RECORDED DATA -

(* Let $G=(V,E)$ be a finite simple graph, $\omega\in\mathrm{Acyc}(G)$, $P=P(G,[\omega])$, and $\pi,\pi'$ partitions of $V$. Then: (a) If $\pi$ is closed with respect to the ordinary poset $P(G,\omega)$, then $\pi$ is closed with respect to the toric poset $P(G,[\omega])$. (b) If $\pi\le_V\pi'$ then $\mathrm{cl}^{\mathrm{tor}}_P(\pi)\le_V\mathrm{cl}^{\mathrm{tor}}_P(\pi')$. (c) If $\pi\le_V\pi'\le_V\mathrm{cl}^{\mathrm{tor}}_P(\pi)$ then $\mathrm{cl}^{\mathrm{tor}}_P(\pi')=\mathrm{cl}^{\mathrm{tor}}_P(\pi)$. (d) $\mathrm{cl}^{\mathrm{tor}}_{P(G,[\omega])}(\pi)\le_V\mathrm{cl}_{P(G,\omega)}(\pi)$. Moreover, both (a)'s converse and equality in (d) can fail (e.g. for $G=K_3$, $\omega$ the orientation $3\to 1$, $3\to 2$, $1\to 2$, and $\pi=\{\{1\},\{2,3\}\}$, one has $\mathrm{cl}^{\mathrm{tor}}_{P(G,[\omega])}(\pi)=\pi\ne\{\{1,2,3\}\}=\mathrm{cl}_{P(G,\omega)}(\pi)$).
   Context: $\le_V$ is the refinement order on partitions of $V$: $\pi\le_V\pi'$ iff every block of $\pi$ is contained in a block of $\pi'$. $\mathrm{Acyc}(G)$, flips, $\equiv$, $[\omega]$, $P(G,\omega)$ (transitive closure of $\omega$), the toric chamber $c(P)\subseteq\mathbb{R}^V/\mathbb{Z}^V$ of $P=P(G,[\omega])$ (a connected component of the complement of the toric hyperplanes $\{x_i\equiv x_j \bmod 1\}$, $\{i,j\}\in E$, corresponding to $[\omega]$), $D_\pi=\{x\in\mathbb{R}^V:x_i=x_j$ for $i,j$ in a common block$\}$ and $D^{\mathrm{tor}}_\pi$ its image in $\mathbb{R}^V/\mathbb{Z}^V$ are as usual. Toric closure: $\mathrm{cl}^{\mathrm{tor}}_P(\pi)$ is the coarsest $\bar\pi\ge_V\pi$ with $\overline{c(P)}\cap D^{\mathrm{tor}}_{\bar\pi}=\overline{c(P)}\cap D^{\mathrm{tor}}_\pi$. Ordinary closure: for a poset $Q=P(G,\omega)$, contracting the blocks of $\pi$ gives a preorder on the blocks; $\mathrm{cl}_Q(\pi)$ is obtained by merging all blocks that are equivalent in this preorder (i.e. lie in a common strongly connected component of $\omega/\!\sim_\pi$), the unique minimal coarsening of $\pi$ whose contraction is acyclic. A partition is closed with respect to $Q$ (resp. $P$) if it equals its closure. *)

theory Defs
  imports "HOL-Analysis.Analysis" "HOL-Library.Disjoint_Sets" "HOL-Library.Numeral_Type"
begin

(* Graph G = (V,E) with V = UNIV of a finite type 'v; E is the set of ordered pairs
   (i,j) such that {i,j} is an edge (so E is symmetric and irreflexive). *)
definition simple_graph :: "('v \<times> 'v) set \<Rightarrow> bool" where
  "simple_graph E \<longleftrightarrow> sym E \<and> irrefl E"

definition Acyc :: "('v \<times> 'v) set \<Rightarrow> ('v \<times> 'v) set set" where
  "Acyc E = {\<omega>. \<omega> \<union> \<omega>\<inverse> = E \<and> \<omega> \<inter> \<omega>\<inverse> = {} \<and> acyclic \<omega>}"

definition poset_of :: "('v \<times> 'v) set \<Rightarrow> ('v \<times> 'v) set" where
  "poset_of \<omega> = \<omega>\<^sup>+"

definition refines :: "'v set set \<Rightarrow> 'v set set \<Rightarrow> bool" where
  "refines \<pi> \<pi>' \<longleftrightarrow> (\<forall>B\<in>\<pi>. \<exists>B'\<in>\<pi>'. B \<subseteq> B')"

definition quot_rel :: "('v \<times> 'v) set \<Rightarrow> 'v set set \<Rightarrow> ('v set \<times> 'v set) set" where
  "quot_rel Q \<pi> = {(B, B'). B \<in> \<pi> \<and> B' \<in> \<pi> \<and> (\<exists>i\<in>B. \<exists>j\<in>B'. (i, j) \<in> Q)}"

definition ord_cl :: "('v \<times> 'v) set \<Rightarrow> 'v set set \<Rightarrow> 'v set set" where
  "ord_cl Q \<pi> = {\<Union>{B' \<in> \<pi>. (B, B') \<in> (quot_rel Q \<pi>)\<^sup>* \<and> (B', B) \<in> (quot_rel Q \<pi>)\<^sup>*} | B. B \<in> \<pi>}"

(* Torus R^V/Z^V modelled as (S^1)^V inside complex^'v via x |-> (exp(2 pi i x_v))_v.
   This map is R^V -> R^V/Z^V followed by a homeomorphism onto (S^1)^V. *)
definition tmap :: "real^'v \<Rightarrow> complex^'v" where
  "tmap x = (\<chi> i. cis (2 * pi * x $ i))"

definition toric_hyperplane :: "'v \<Rightarrow> 'v \<Rightarrow> (complex^'v) set" where
  "toric_hyperplane i j = tmap ` {x. x $ i - x $ j \<in> \<int>}"

definition toric_complement :: "('v \<times> 'v) set \<Rightarrow> (complex^'v) set" where
  "toric_complement E = range tmap - \<Union>{toric_hyperplane i j | i j. (i, j) \<in> E}"

definition real_chamber :: "('v \<times> 'v) set \<Rightarrow> (real^'v) set" where
  "real_chamber \<omega> = {x. \<forall>(i, j) \<in> \<omega>. x $ i < x $ j}"

(* toric chamber c(P), P = P(G,[omega]): the connected component of the complement of the toric
   arrangement containing the image of c(omega) \<inter> (0,1)^V (this set is convex, nonempty, and
   maps into the complement, so it lies in exactly one component). *)
definition toric_chamber :: "('v \<times> 'v) set \<Rightarrow> ('v \<times> 'v) set \<Rightarrow> (complex^'v) set" where
  "toric_chamber E \<omega> = \<Union>{connected_component_set (toric_complement E) (tmap x) | x.
       x \<in> real_chamber \<omega> \<and> (\<forall>i. 0 < x $ i \<and> x $ i < 1)}"

definition Dpi :: "'v set set \<Rightarrow> (real^'v) set" where
  "Dpi \<pi> = {x. \<forall>B\<in>\<pi>. \<forall>i\<in>B. \<forall>j\<in>B. x $ i = x $ j}"

definition Dtor :: "'v set set \<Rightarrow> (complex^'v) set" where
  "Dtor \<pi> = tmap ` Dpi \<pi>"

(* toric closure: the coarsest partition pibar >= pi with
   closure(c(P)) \<inter> D^tor_pibar = closure(c(P)) \<inter> D^tor_pi.
   (The torus image is compact, so closure in complex^'v = closure in the torus.) *)
definition tor_cl :: "('v::finite \<times> 'v) set \<Rightarrow> ('v \<times> 'v) set \<Rightarrow> 'v set set \<Rightarrow> 'v set set" where
  "tor_cl E \<omega> \<pi> = (THE \<sigma>. \<sigma> \<in> {\<tau>. partition_on UNIV \<tau> \<and> refines \<pi> \<tau> \<and>
        closure (toric_chamber E \<omega>) \<inter> Dtor \<tau> = closure (toric_chamber E \<omega>) \<inter> Dtor \<pi>}
     \<and> (\<forall>\<tau> \<in> {\<tau>. partition_on UNIV \<tau> \<and> refines \<pi> \<tau> \<and>
        closure (toric_chamber E \<omega>) \<inter> Dtor \<tau> = closure (toric_chamber E \<omega>) \<inter> Dtor \<pi>}.
        refines \<tau> \<sigma>))"

end

theory Submission
  imports Defs "HOL-Library.Real_Mod"
begin

text \<open>Write R(\<pi>) for the relation \<open>tor_cl_rel\<close>: i R(\<pi>) j iff z_i = z_j for every z in
  the closure of the toric chamber that lies on D_tor(\<pi>). Since D_tor(\<tau>) is cut out by the
  equations z_i = z_j for i, j in a common block of \<tau>, a coarsening \<tau> of \<pi> has the same
  section as \<pi> iff every block of \<tau> lies in a class of R(\<pi>). Hence the toric closure of \<pi>
  is the partition into R(\<pi>)-classes, and (b), (c) follow from the monotonicity of
  \<pi> \<mapsto> R(\<pi>).

  For (d), let U be a union of blocks of \<pi> closed upwards under \<omega>. The point that is 1/2
  on U and 0 elsewhere is a limit of points of the open chamber c(\<omega>) \<inter> (0,1)^V, so its
  image lies in the closure of the toric chamber and on D_tor(\<pi>), and it separates U from
  its complement. Taking for U the blocks reachable from a fixed block in the contraction of
  \<omega> by \<pi> shows that R(\<pi>)-related vertices lie in mutually reachable blocks. Part (a)
  follows from (d).\<close>

definition block_rel :: "'a set set \<Rightarrow> ('a \<times> 'a) set" where
  "block_rel \<pi> = {(i, j). \<exists>B\<in>\<pi>. i \<in> B \<and> j \<in> B}"

lemma quotient_block_rel: "partition_on A \<pi> \<Longrightarrow> A // block_rel \<pi> = \<pi>"
  unfolding block_rel_def by (rule partition_on_eq_quotient)

lemma block_rel_quotient:
  assumes "equiv A r"
  shows "block_rel (A // r) = r"
proof (intro equalityI subsetI; clarify)
  fix i j assume "(i, j) \<in> block_rel (A // r)"
  then obtain X where "X \<in> A // r" "i \<in> X" "j \<in> X"
    unfolding block_rel_def by blast
  then show "(i, j) \<in> r"
    using quotient_eq_iff[OF assms] by metis
next
  fix i j assume ij: "(i, j) \<in> r"
  then have "i \<in> A"
    using assms by (meson equiv_class_eq_iff)
  then have "r `` {i} \<in> A // r"
    by (rule quotientI)
  moreover have "i \<in> r `` {i}"
    using assms \<open>i \<in> A\<close> by (rule equiv_class_self)
  moreover have "j \<in> r `` {i}"
    using ij by blast
  ultimately show "(i, j) \<in> block_rel (A // r)"
    unfolding block_rel_def by blast
qed

lemma partition_on_block_eq:
  "partition_on A \<pi> \<Longrightarrow> B \<in> \<pi> \<Longrightarrow> B' \<in> \<pi> \<Longrightarrow> i \<in> B \<Longrightarrow> i \<in> B' \<Longrightarrow> B = B'"
  by (meson disjnt_iff pairwiseD partition_onD2)

lemma partition_on_eqI:
  "partition_on A \<pi> \<Longrightarrow> partition_on A \<tau> \<Longrightarrow> block_rel \<pi> = block_rel \<tau> \<Longrightarrow> \<pi> = \<tau>"
  by (metis quotient_block_rel)

lemma refines_iff_block_rel_subset:
  assumes "partition_on A \<pi>" "partition_on A \<tau>"
  shows "refines \<pi> \<tau> \<longleftrightarrow> block_rel \<pi> \<subseteq> block_rel \<tau>"
proof
  assume "refines \<pi> \<tau>"
  then show "block_rel \<pi> \<subseteq> block_rel \<tau>"
    unfolding refines_def block_rel_def by (clarsimp, meson subsetD)
next
  assume sub: "block_rel \<pi> \<subseteq> block_rel \<tau>"
  show "refines \<pi> \<tau>"
    unfolding refines_def
  proof
    fix B assume "B \<in> \<pi>"
    then obtain i where "i \<in> A" and B: "B = block_rel \<pi> `` {i}"
      using quotient_block_rel[OF assms(1)] by (metis quotientE)
    then have "block_rel \<tau> `` {i} \<in> \<tau>"
      using quotient_block_rel[OF assms(2)] by (metis quotientI)
    with B sub show "\<exists>B'\<in>\<tau>. B \<subseteq> B'" by blast
  qed
qed

lemma refines_antisym:
  "partition_on A \<pi> \<Longrightarrow> partition_on A \<tau> \<Longrightarrow> refines \<pi> \<tau> \<Longrightarrow> refines \<tau> \<pi> \<Longrightarrow> \<pi> = \<tau>"
  by (metis partition_on_eqI refines_iff_block_rel_subset subset_antisym)

lemma partition_on_UNIV_block: "partition_on UNIV \<pi> \<Longrightarrow> \<exists>B\<in>\<pi>. i \<in> B"
  by (metis UNIV_I Union_iff partition_onD1)

lemma tmap_nth [simp]: "tmap x $ i = cis (2 * pi * x $ i)"
  by (simp add: tmap_def)

lemma continuous_on_tmap: "continuous_on S tmap"
  unfolding tmap_def by (intro continuous_intros)

lemma cis_2pi_eq_imp_diff_Ints:
  assumes "cis (2 * pi * a) = cis (2 * pi * b)"
  shows "a - b \<in> \<int>"
proof -
  have "cis (2 * pi * (a - b)) = 1"
    using assms by (simp add: right_diff_distrib cis_divide [symmetric])
  then obtain n where "2 * pi * (a - b) = of_int n * (2 * pi)"
    by (auto simp: cis_eq_1_iff)
  then show ?thesis by simp
qed

lemma tmap_in_toric_hyperplane_iff: "tmap x \<in> toric_hyperplane i j \<longleftrightarrow> x $ i - x $ j \<in> \<int>"
proof
  assume "tmap x \<in> toric_hyperplane i j"
  then obtain v where v: "tmap x = tmap v" "v $ i - v $ j \<in> \<int>"
    by (auto simp: toric_hyperplane_def)
  have "x $ k - v $ k \<in> \<int>" for k
    using v(1) by (intro cis_2pi_eq_imp_diff_Ints) (simp add: vec_eq_iff)
  then have "(x $ i - v $ i) - (x $ j - v $ j) + (v $ i - v $ j) \<in> \<int>"
    using v(2) by (metis Ints_add Ints_diff)
  then show "x $ i - x $ j \<in> \<int>" by simp
qed (auto simp: toric_hyperplane_def)

lemma tmap_Arg:
  assumes "z \<in> range tmap"
  shows "tmap (\<chi> k. Arg (z $ k) / (2 * pi)) = z"
proof -
  have "cis (Arg (z $ k)) = z $ k" for k
  proof -
    have "norm (z $ k) = 1"
      using assms by auto
    then show ?thesis
      by (metis rcis_cmod_Arg cis_rcis_eq)
  qed
  then show ?thesis
    by (simp add: vec_eq_iff)
qed

lemma Dtor_nth_eq:
  assumes "z \<in> Dtor \<tau>" "(i, j) \<in> block_rel \<tau>"
  shows "z $ i = z $ j"
proof -
  obtain x where z: "z = tmap x" and x: "x \<in> Dpi \<tau>"
    using assms(1) unfolding Dtor_def by blast
  obtain B where "B \<in> \<tau>" "i \<in> B" "j \<in> B"
    using assms(2) unfolding block_rel_def by blast
  with x have "x $ i = x $ j"
    unfolding Dpi_def by blast
  then show ?thesis
    unfolding z by simp
qed

lemma Dtor_memI:
  assumes z: "z \<in> range tmap" and eq: "\<forall>(i, j)\<in>block_rel \<tau>. z $ i = z $ j"
  shows "z \<in> Dtor \<tau>"
proof -
  define x where "x = (\<chi> k. Arg (z $ k) / (2 * pi))"
  have "x \<in> Dpi \<tau>"
    unfolding Dpi_def
  proof (intro CollectI ballI)
    fix B i j assume "B \<in> \<tau>" "i \<in> B" "j \<in> B"
    then have "(i, j) \<in> block_rel \<tau>"
      unfolding block_rel_def by blast
    then have "z $ i = z $ j"
      using eq by blast
    then show "x $ i = x $ j"
      by (simp add: x_def)
  qed
  moreover have "tmap x = z"
    unfolding x_def using z by (rule tmap_Arg)
  ultimately show "z \<in> Dtor \<tau>"
    unfolding Dtor_def by (metis image_eqI)
qed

WHAT TO PRODUCE - Above are the entries. Quote exactly the lines from the one bearing "This map is" through the one bearing "(\<chi> i. cis".

OUTPUT BELOW -
   This map is R^V -> R^V/Z^V followed by a homeomorphism onto (S^1)^V. *)
definition tmap :: "real^'v \<Rightarrow> complex^'v" where
  "tmap x = (\<chi> i. cis (2 * pi * x $ i))"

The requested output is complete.